* **Work instruction**: Among the records that follow, find the line with "using x(1) y(2)" and the line with "(simp add: less_Suc_eq)". Set down those lines and all lines between them exactly, without adding anything.

··········

lemma frame_lin_indep_imp_indep:
  assumes lin: "frame_lin_indep v z n"
  shows "frame_indep v z n"
  unfolding frame_indep_def
proof (intro allI impI notI)
  fix k assume k: "k < n" and "z k \<in> frame_span v z k"
  then obtain c0 c where zk: "z k = (\<lambda>t. c0 * all_one v t + (\<Sum>l<k. c l * z l t))"
    by (blast elim: frame_spanE)
  define c' where "c' l = (if l < k then - c l else if l = k then 1 else 0)" for l
  have "- c0 + (\<Sum>l<n. c' l * z l t) = 0" if t: "t \<in> {1..v}" for t
  proof -
    have "(\<Sum>l<n. c' l * z l t) = (\<Sum>l<Suc k. c' l * z l t)"
      using k by (intro sum.mono_neutral_cong_right) (auto simp: c'_def)
    also have "\<dots> = - (\<Sum>l<k. c l * z l t) + z k t"
      by (simp add: c'_def sum_negf)
    also have "\<dots> = c0" using fun_cong[OF zk, of t] t by (simp add: all_one_def)
    finally show ?thesis by simp
  qed
  then have "c' k = 0" using lin k unfolding frame_lin_indep_def by blast
  then show False by (simp add: c'_def)
qed

lemma lin_indep3D:
  "lin_indep3 B \<Longrightarrow> (\<lambda>t. \<Sum>b\<in>B. c b * b t) = (\<lambda>t. 0) \<Longrightarrow> \<forall>b\<in>B. c b = 0"
  unfolding lin_indep3_def by blast

lemma card_span3:
  assumes indep: "lin_indep3 B"
  shows "finite (span3 B)" "card (span3 B) = 3 ^ card B"
proof -
  have fin: "finite B" using indep unfolding lin_indep3_def by simp
  define F where "F c = (\<lambda>t. \<Sum>b\<in>B. c b * b t)" for c :: "gf3vec \<Rightarrow> 3"
  have span: "span3 B = F ` (B \<rightarrow>\<^sub>E UNIV)"
  proof (intro equalityI subsetI)
    fix u assume "u \<in> span3 B"
    then obtain c where "u = F c" unfolding span3_def F_def by blast
    moreover have "F c = F (restrict c B)" unfolding F_def by (intro ext sum.cong) auto
    ultimately show "u \<in> F ` (B \<rightarrow>\<^sub>E UNIV)" by auto
  qed (auto simp: span3_def F_def)
  have "inj_on F (B \<rightarrow>\<^sub>E UNIV)"
  proof (rule inj_onI)
    fix c c' assume c: "c \<in> B \<rightarrow>\<^sub>E UNIV" and c': "c' \<in> B \<rightarrow>\<^sub>E UNIV" and eq: "F c = F c'"
    have "(\<lambda>t. \<Sum>b\<in>B. (c b - c' b) * b t) = (\<lambda>t. 0)"
    proof
      fix t
      have "(\<Sum>b\<in>B. (c b - c' b) * b t) = F c t - F c' t"
        unfolding F_def by (simp add: algebra_simps sum_subtractf)
      then show "(\<Sum>b\<in>B. (c b - c' b) * b t) = 0" using eq by simp
    qed
    then have "\<forall>b\<in>B. c b - c' b = 0" by (rule lin_indep3D[OF indep])
    then show "c = c'" using c c' by (metis PiE_ext right_minus_eq)
  qed
  then have "card (span3 B) = card (B \<rightarrow>\<^sub>E (UNIV :: 3 set))" unfolding span by (rule card_image)
  then show "card (span3 B) = 3 ^ card B" using fin by (simp add: card_PiE)
  show "finite (span3 B)" unfolding span using fin by (simp add: finite_PiE)
qed

lemma subspace_dim_card:
  assumes "subspace_dim v D k"
  shows "finite D" "card D = 3 ^ k"
  using assms card_span3 unfolding subspace_dim_def by blast+

lemma lin_indep_family_inj_on:
  fixes f :: "'i \<Rightarrow> gf3vec"
  assumes fin: "finite I"
    and indep: "\<And>c. (\<lambda>t. \<Sum>i\<in>I. c i * f i t) = (\<lambda>t. 0) \<Longrightarrow> \<forall>i\<in>I. c i = 0"
  shows "inj_on f I"
proof (rule inj_onI, rule ccontr)
  fix i j assume ij: "i \<in> I" "j \<in> I" "f i = f j" "i \<noteq> j"
  define c where "c k = (if k = i then 1 else if k = j then -1 else (0::3))" for k
  have "(\<Sum>k\<in>I. c k * f k t) = f i t - f j t" for t
  proof -
    have "(\<Sum>k\<in>I. c k * f k t)
        = (\<Sum>k\<in>I. (if k = i then f i t else 0) + (if k = j then - f j t else 0))"
      by (rule sum.cong) (auto simp: c_def ij(4))
    then show ?thesis using fin ij(1,2) by (simp add: sum.distrib)
  qed
  then have "\<forall>k\<in>I. c k = 0" using ij(3) by (intro indep) simp
  then have "c i = 0" using ij(1) by blast
  then show False by (simp add: c_def)
qed

lemma lin_indep3_image:
  fixes f :: "'i \<Rightarrow> gf3vec"
  assumes fin: "finite I"
    and indep: "\<And>c. (\<lambda>t. \<Sum>i\<in>I. c i * f i t) = (\<lambda>t. 0) \<Longrightarrow> \<forall>i\<in>I. c i = 0"
  shows "lin_indep3 (f ` I)" "span3 (f ` I) = {(\<lambda>t. \<Sum>i\<in>I. c i * f i t) | c. True}"
proof -
  have inj: "inj_on f I" using fin indep by (rule lin_indep_family_inj_on)
  have sum_image: "(\<Sum>b\<in>f ` I. c b * b t) = (\<Sum>i\<in>I. c (f i) * f i t)" for c t
    using inj by (simp add: sum.reindex)
  show "lin_indep3 (f ` I)"
    unfolding lin_indep3_def
  proof (intro conjI allI impI)
    fix c assume "(\<lambda>t. \<Sum>b\<in>f ` I. c b * b t) = (\<lambda>t. 0)"
    then have "(\<lambda>t. \<Sum>i\<in>I. c (f i) * f i t) = (\<lambda>t. 0)" by (simp only: sum_image)
    then have "\<forall>i\<in>I. c (f i) = 0" by (rule indep)
    then show "\<forall>b\<in>f ` I. c b = 0" by blast
  qed (use fin in simp)
  show "span3 (f ` I) = {(\<lambda>t. \<Sum>i\<in>I. c i * f i t) | c. True}"
  proof (intro equalityI subsetI)
    fix u assume "u \<in> span3 (f ` I)"
    then obtain c where "u = (\<lambda>t. \<Sum>b\<in>f ` I. c b * b t)" unfolding span3_def by blast
    then have "u = (\<lambda>t. \<Sum>i\<in>I. (c \<circ> f) i * f i t)" by (simp add: sum_image)
    then show "u \<in> {(\<lambda>t. \<Sum>i\<in>I. c i * f i t) | c. True}" by blast
  next
    fix u assume "u \<in> {(\<lambda>t. \<Sum>i\<in>I. c i * f i t) | c. True}"
    then obtain c where u: "u = (\<lambda>t. \<Sum>i\<in>I. c i * f i t)" by blast
    have "(\<Sum>i\<in>I. c (inv_into I f (f i)) * f i t) = (\<Sum>i\<in>I. c i * f i t)" for t
      using inj by (intro sum.cong) auto
    then have "u = (\<lambda>t. \<Sum>b\<in>f ` I. (c \<circ> inv_into I f) b * b t)"
      unfolding u sum_image by simp
    then show "u \<in> span3 (f ` I)" unfolding span3_def by blast
  qed
qed

lemma subspace_dim_frame_span:
  assumes z: "\<And>l. l < n \<Longrightarrow> z l \<in> vecs v" and lin: "frame_lin_indep v z n"
  shows "subspace_dim v (frame_span v z n) (Suc n)"
proof -
  define f where "f = case_nat (all_one v) z"
  have sum_f: "(\<Sum>i<Suc n. c i * f i t) = c 0 * all_one v t + (\<Sum>l<n. c (Suc l) * z l t)"
    for c t unfolding f_def by (subst sum.lessThan_Suc_shift) simp
  have "\<forall>i\<in>{..<Suc n}. c i = 0" if zero: "(\<lambda>t. \<Sum>i\<in>{..<Suc n}. c i * f i t) = (\<lambda>t. 0)" for c
  proof -
    have "c 0 + (\<Sum>l<n. c (Suc l) * z l t) = 0" if "t \<in> {1..v}" for t
      using fun_cong[OF zero, of t] that unfolding sum_f by (simp add: all_one_def)
    then have "c 0 = 0 \<and> (\<forall>l<n. c (Suc l) = 0)" by (rule frame_lin_indepD[OF lin])
    then show ?thesis by (auto simp: less_Suc_eq_0_disj)
  qed
  note inj = lin_indep_family_inj_on[OF finite_lessThan this]
    and basis = lin_indep3_image[OF finite_lessThan this]
  have "{(\<lambda>t. \<Sum>i<Suc n. c i * f i t) | c. True} = frame_span v z n"
  proof (intro equalityI subsetI)
    fix u assume "u \<in> {(\<lambda>t. \<Sum>i<Suc n. c i * f i t) | c. True}"
    then obtain c where "u = (\<lambda>t. \<Sum>i<Suc n. c i * f i t)" by blast
    then have "u = (\<lambda>t. c 0 * all_one v t + (\<Sum>l<n. c (Suc l) * z l t))" by (simp only: sum_f)
    then show "u \<in> frame_span v z n" by (intro frame_spanI[where d="c 0" and c="c \<circ> Suc"]) simp
  next
    fix u assume "u \<in> frame_span v z n"
    then obtain c0 c where "u = (\<lambda>t. c0 * all_one v t + (\<Sum>l<n. c l * z l t))"
      by (rule frame_spanE)
    then have "u = (\<lambda>t. \<Sum>i<Suc n. case_nat c0 c i * f i t)" by (simp only: sum_f) simp
    then show "u \<in> {(\<lambda>t. \<Sum>i<Suc n. c i * f i t) | c. True}" by blast
  qed
  then have "span3 (f ` {..<Suc n}) = frame_span v z n" using basis(2) by simp
  moreover have "card (f ` {..<Suc n}) = Suc n" using inj by (simp add: card_image)
  moreover have "f ` {..<Suc n} \<subseteq> frame_span v z n"
  proof (rule image_subsetI)
    fix i assume "i \<in> {..<Suc n}"
    then show "f i \<in> frame_span v z n"
      by (cases i) (simp_all add: f_def all_one_in_frame_span frame_in_frame_span)
  qed
  ultimately show ?thesis
    using basis(1) subspace3_frame_span[OF z] unfolding subspace_dim_def
    by (intro conjI exI[of _ "f ` {..<Suc n}"]) simp_all
qed

lemma frame_of_subspace:
  assumes v: "1 \<le> v" and D: "subspace3 v D" "all_one v \<in> D" "finite D" "card D = 3 ^ Suc k"
  obtains x where "frame_indep v x k" "\<forall>l\<ge>k. x l = (\<lambda>_. 0)" "\<forall>l<k. x l \<in> D"
    "frame_span v x k = D"
proof -
  have "\<exists>x. frame_indep v x m \<and> (\<forall>l\<ge>m. x l = (\<lambda>_. 0)) \<and> (\<forall>l<m. x l \<in> D)" if "m \<le> k" for m
    using that
  proof (induction m)
    case 0
    show ?case by (intro exI[of _ "\<lambda>_ _. 0"]) (simp add: frame_indep_def)
  next
    case (Suc m)
    then obtain x where x: "frame_indep v x m" "\<forall>l\<ge>m. x l = (\<lambda>_. 0)" "\<forall>l<m. x l \<in> D"
      by auto
    have "card (frame_span v x m) < card D"
      using card_frame_span[OF v x(1)] D(4) Suc.prems by (simp add: power_strict_increasing)
    then have "\<not> D \<subseteq> frame_span v x m" by (metis card_mono finite_frame_span not_le)
    then obtain y where y: "y \<in> D" "y \<notin> frame_span v x m" by blast
    have "frame_indep v (x(m := y)) m = frame_indep v x m" by (rule frame_indep_cong) simp
    moreover have "frame_span v (x(m := y)) m = frame_span v x m" by (rule frame_span_cong) simp
    ultimately have "frame_indep v (x(m := y)) (Suc m)"
      using x(1) y(2) by (simp add: frame_indep_Suc)
    moreover have "\<forall>l\<ge>Suc m. (x(m := y)) l = (\<lambda>_. 0)" using x(2) by simp
    moreover have "\<forall>l<Suc m. (x(m := y)) l \<in> D" using x(3) y(1) by (simp add: less_Suc_eq)
    ultimately show ?case by blast
  qed
  then obtain x where x: "frame_indep v x k" "\<forall>l\<ge>k. x l = (\<lambda>_. 0)" "\<forall>l<k. x l \<in> D"
    by blast
  have "frame_span v x k \<subseteq> D" using frame_span_subset[OF D(1,2)] x(3) by blast
  moreover have "card (frame_span v x k) = card D" using card_frame_span[OF v x(1)] D(4) by simp
  ultimately have "frame_span v x k = D" using card_subset_eq[OF D(3)] by blast
  then show ?thesis using that x by blast
qed

definition fibre :: "nat \<Rightarrow> (nat \<Rightarrow> gf3vec) \<Rightarrow> nat \<Rightarrow> (nat \<Rightarrow> 3) \<Rightarrow> nat set" where
  "fibre v z n p = {t\<in>{1..v}. \<forall>l<n. z l t = p l}"

definition triple_closed :: "nat \<Rightarrow> (nat \<Rightarrow> gf3vec) \<Rightarrow> nat \<Rightarrow> bool" where
  "triple_closed v z n \<longleftrightarrow>
     (\<forall>a\<in>{1..v}. \<forall>b\<in>{1..v}. \<exists>c\<in>{1..v}. \<forall>l<n. z l a + z l b + z l c = 0)"

lemma finite_fibre: "finite (fibre v z n p)"
  unfolding fibre_def by simp

lemma fibre_subset: "fibre v z n p \<subseteq> {1..v}"
  unfolding fibre_def by blast

lemma fibre_Suc: "fibre v z (Suc n) p = {t \<in> fibre v z n p. z n t = p n}"
  unfolding fibre_def using less_Suc_eq by auto

lemma fibre_cong: "(\<And>l. l < n \<Longrightarrow> p l = q l) \<Longrightarrow> fibre v z n p = fibre v z n q"
  unfolding fibre_def by auto

lemma fibre_frame_cong: "(\<And>l. l < n \<Longrightarrow> z l = z' l) \<Longrightarrow> fibre v z n p = fibre v z' n p"
  unfolding fibre_def by auto

lemma in_own_fibre: "t \<in> {1..v} \<Longrightarrow> t \<in> fibre v z n (\<lambda>l. z l t)"
  unfolding fibre_def by blast

lemma fibre_eq_own_fibre: "t \<in> fibre v z n p \<Longrightarrow> fibre v z n p = fibre v z n (\<lambda>l. z l t)"
  unfolding fibre_def by auto

lemma card_fibre_split:
  "card (fibre v z n p) = (\<Sum>u\<in>UNIV. card (fibre v z (Suc n) (p(n := u))))"
proof -
  have fibre_u: "fibre v z (Suc n) (p(n := u)) = {t \<in> fibre v z n p. z n t = u}" for u
    unfolding fibre_Suc by (simp add: fibre_cong[of n "p(n := u)" p])
  have "fibre v z n p = (\<Union>u. {t \<in> fibre v z n p. z n t = u})" by blast
  then have "card (fibre v z n p) = card (\<Union>u. {t \<in> fibre v z n p. z n t = u})" by simp
  also have "\<dots> = (\<Sum>u\<in>UNIV. card {t \<in> fibre v z n p. z n t = u})"
    by (rule card_UN_disjoint) (auto simp: finite_fibre)
  finally show ?thesis unfolding fibre_u .
qed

··········

* **Exercise response**:
      using x(1) y(2) by (simp add: frame_indep_Suc)
    moreover have "\<forall>l\<ge>Suc m. (x(m := y)) l = (\<lambda>_. 0)" using x(2) by simp
    moreover have "\<forall>l<Suc m. (x(m := y)) l \<in> D" using x(3) y(1) by (simp add: less_Suc_eq)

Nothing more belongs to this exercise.